I found this exciting, because of Rust programs like this:
/********* devirt-lib crate: src/lib.rs *********/
pub trait Printable {
fn print_line(&self, handle: &mut dyn std::io::Write) -> std::io::Result<()>;
}
pub struct PrintableArray(Vec<Box<dyn Printable + 'static>>);
impl PrintableArray {
pub fn new() -> PrintableArray {
PrintableArray(Vec::new())
}
pub fn push(&mut self, item: impl Printable + 'static) {
self.0.push(Box::new(item))
}
pub fn print_all(&self, handle: &mut dyn std::io::Write) -> std::io::Result<()> {
self.0.iter().try_fold(handle, |handle, item| {
item.print_line(handle)?;
Ok(handle)
}).map(|_| ())
}
}
/********* devirt-test crate: src/main.rs **********/
use std::io::Write;
use devirt_lib::PrintableArray;
struct Point {
pub x: f32,
pub y: f32,
}
impl devirt_lib::Printable for Point {
fn print_line(&self, handle: &mut dyn Write) -> std::io::Result<()> {
writeln!(handle, "Point: {{ {}, {} }}", self.x, self.y)
}
}
fn main() -> std::io::Result<()> {
let mut vec: PrintableArray = PrintableArray::new();
vec.push(Point { x: 10.0, y: 20.0 });
vec.push(Point { x: 20.0, y: 40.0 });
vec.push(Point { x: 30.0, y: 60.0 });
vec.push(Point { x: 40.0, y: 80.0 });
vec.print_all(&mut std::io::stdout())
}
That type erasure across a crate boundary looks just like a C++ virtual function call. In fact, here is the assembly for loop inside print_all
, which is inlined into the main
function (produced on a recent nightly):
6f50: add r15,0xfffffffffffffff0
6f54: add rbx,0x10
6f58: add rbp,0x10
6f5c: cmp rbp,r12
6f5f: je 6f89 # loop exit
6f61: mov rdi,QWORD PTR [rbx-0x10]
6f65: mov rax,QWORD PTR [rbx-0x8]
6f69: call QWORD PTR [rax] # virtual call
6f6b: lea rbp,[rbx-0x10]
6f6f: mov rax,QWORD PTR [rbp+0x8]
6f73: mov rsi,QWORD PTR [rax+0x8]
6f77: test rsi,rsi
6f7a: je 6f50 # loop top
6f7c: mov rdx,QWORD PTR [rax+0x10]
6f80: mov rdi,QWORD PTR [rbx-0x10]
6f84: call r13
6f87: jmp 6f50 # loop top
It looks exactly the same, and could benefit from speculative devirtualization, which LLVM calls Whole Program Devirtualization (WPD).

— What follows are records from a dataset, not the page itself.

lemma node_cases [consumes 1, case_names Leaf Sum Unary Prod]:
  assumes "n \<in> nodes"
  obtains i b where "lbl n = Leaf i b"
  | cs where "lbl n = spn_node.Sum cs"
  | c where "lbl n = spn_node.Prod [c]"
  | cs where "lbl n = spn_node.Prod cs" "2 \<le> length cs"
proof (cases "lbl n")
  case (Prod cs)
  with prod_node_nonempty[OF assms] that(3,4) show ?thesis
    by (cases cs rule: remdups_adj.cases) auto
qed (use that in blast)+

lemma scope_unfold:
  "scope n = (case lbl n of Leaf i b \<Rightarrow> {i} | _ \<Rightarrow> {}) \<union>
     (if n \<in> nodes then (\<Union>c\<in>set (node_children (lbl n)). scope c) else {})"
  unfolding spn_scope_def by (subst spn_leaves_unfold) (auto split: spn_node.splits)

lemma scope_Leaf: "lbl n = Leaf i b \<Longrightarrow> scope n = {i}"
  by (subst scope_unfold) simp

lemma scope_Sum: "n \<in> nodes \<Longrightarrow> lbl n = spn_node.Sum cs \<Longrightarrow> scope n = (\<Union>c\<in>fst ` set cs. scope c)"
  by (subst scope_unfold) simp

lemma scope_Prod: "n \<in> nodes \<Longrightarrow> lbl n = spn_node.Prod cs \<Longrightarrow> scope n = (\<Union>c\<in>set cs. scope c)"
  by (subst scope_unfold) simp

lemma scope_nonempty: "n \<in> nodes \<Longrightarrow> scope n \<noteq> {}"
proof (induction n rule: node_induct)
  case (step n)
  show ?case
  proof (cases "lbl n")
    case (Leaf i b)
    then show ?thesis by (simp add: scope_Leaf)
  next
    case (Sum cs)
    with sum_node_nonempty[OF step(1)] obtain c w where "(c, w) \<in> set cs"
      by (cases cs) auto
    with step Sum show ?thesis by (force simp: scope_Sum)
  next
    case (Prod cs)
    with prod_node_nonempty[OF step(1)] obtain c where "c \<in> set cs"
      by (cases cs) auto
    with step Prod show ?thesis by (auto simp: scope_Prod)
  qed
qed

lemma scope_subset: "n \<in> nodes \<Longrightarrow> scope n \<subseteq> {..<d}"
proof (induction n rule: node_induct)
  case (step n)
  then show ?case
    using leaf_var_less[OF step(1)]
    by (cases "lbl n") (force simp: scope_Leaf scope_Sum scope_Prod)+
qed

lemma scope_Sum_child:
  assumes "n \<in> nodes" "lbl n = spn_node.Sum cs" "c \<in> fst ` set cs"
  shows "scope c = scope n"
proof -
  have "\<forall>c' \<in> fst ` set cs. scope c' = scope c"
    using valid_spn assms unfolding spn_valid_def by blast
  then have "scope ` fst ` set cs = {scope c}" using assms(3) by blast
  then show ?thesis using scope_Sum[OF assms(1,2)] by simp
qed

lemma scopes_disjoint_Prod:
  "n \<in> nodes \<Longrightarrow> lbl n = spn_node.Prod cs \<Longrightarrow> sorted_wrt (\<lambda>a b. scope a \<inter> scope b = {}) cs"
  using decomposable_spn unfolding spn_decomposable_def sorted_wrt_iff_nth_less by force

lemma distinct_Prod_children: "n \<in> nodes \<Longrightarrow> lbl n = spn_node.Prod cs \<Longrightarrow> distinct cs"
proof -
  assume n: "n \<in> nodes" "lbl n = spn_node.Prod cs"
  have "\<forall>c\<in>set cs. scope c \<noteq> {}"
    using n child_in_nodes scope_nonempty by auto
  with scopes_disjoint_Prod[OF n] show "distinct cs"
    by (induction cs) auto
qed

lemma spn_val_functional: "spn_val S xs n v \<Longrightarrow> spn_val S xs n v' \<Longrightarrow> v = v'"
proof (induction arbitrary: v' rule: spn_val.induct)
  case (leaf n i b)
  then show ?case by (auto elim: spn_val.cases)
next
  case (sum n cs vs)
  from sum.prems show ?case
    by (cases rule: spn_val.cases) (use sum list_all2_right_unique[OF sum.IH] in auto)
next
  case (prod n cs vs)
  from prod.prems show ?case
    by (cases rule: spn_val.cases) (use prod list_all2_right_unique[OF prod.IH] in auto)
qed

lemma spn_value_eqI: "spn_val S xs n v \<Longrightarrow> spn_value S xs n = v"
  unfolding spn_value_def using spn_val_functional by blast

lemma spn_val_value: "n \<in> nodes \<Longrightarrow> spn_val S xs n (spn_value S xs n)"
proof (induction n rule: node_induct)
  case (step n)
  then have children: "list_all2 (spn_val S xs) (node_children (lbl n))
      (map (spn_value S xs) (node_children (lbl n)))"
    by (simp add: list_all2_map2 list_all2_same)
  have "\<exists>v. spn_val S xs n v"
  proof (cases "lbl n")
    case (Leaf i b)
    then show ?thesis by (blast intro: spn_val.leaf)
  next
    case (Sum cs)
    then show ?thesis using spn_val.sum[OF Sum] children by auto
  next
    case (Prod cs)
    then show ?thesis using spn_val.prod[OF Prod] children by auto
  qed
  then show ?case using spn_value_eqI by blast
qed

lemma spn_value_Leaf: "lbl n = Leaf i b \<Longrightarrow> spn_value S xs n = (if xs ! i = b then 1 else 0)"
  by (rule spn_value_eqI) (rule spn_val.leaf)

lemma spn_value_Sum:
  assumes "n \<in> nodes" "lbl n = spn_node.Sum cs"
  shows "spn_value S xs n = (\<Sum>j<length cs. snd (cs ! j) * spn_value S xs (fst (cs ! j)))"
proof -
  have "list_all2 (spn_val S xs) (map fst cs) (map (spn_value S xs) (map fst cs))"
    unfolding list_all2_map2 list_all2_same using assms child_in_nodes spn_val_value by auto
  from spn_value_eqI[OF spn_val.sum[OF assms(2) this]]
  have "spn_value S xs n = (\<Sum>j<length cs. snd (cs ! j) * map (spn_value S xs) (map fst cs) ! j)" .
  also have "\<dots> = (\<Sum>j<length cs. snd (cs ! j) * spn_value S xs (fst (cs ! j)))"
    by (rule sum.cong) auto
  finally show ?thesis .
qed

At the time of the presentation in 2019, Matt said that LLVM was still working on it. A quick grep of the LLVM monorepo suggests it was implemented in LLVM 10, with additional improvements in LLVM 11.
At first, I hoped that LLVM would implement it, and Rust would get it for free. Unfortunately, reading the LLVM RFC and several of the patches, some explicit support by the compiler is needed. It must handle LTO item visibility in certain ways in order for the pass to trigger.
Given the amount of work that Rust has done on LTO, I imagine it is not an easy change. If it was, I would have written this as a GitHub issue instead.
My post here is to just to ask if this is on anyone's radar, and see if people think it's worth it for Rust.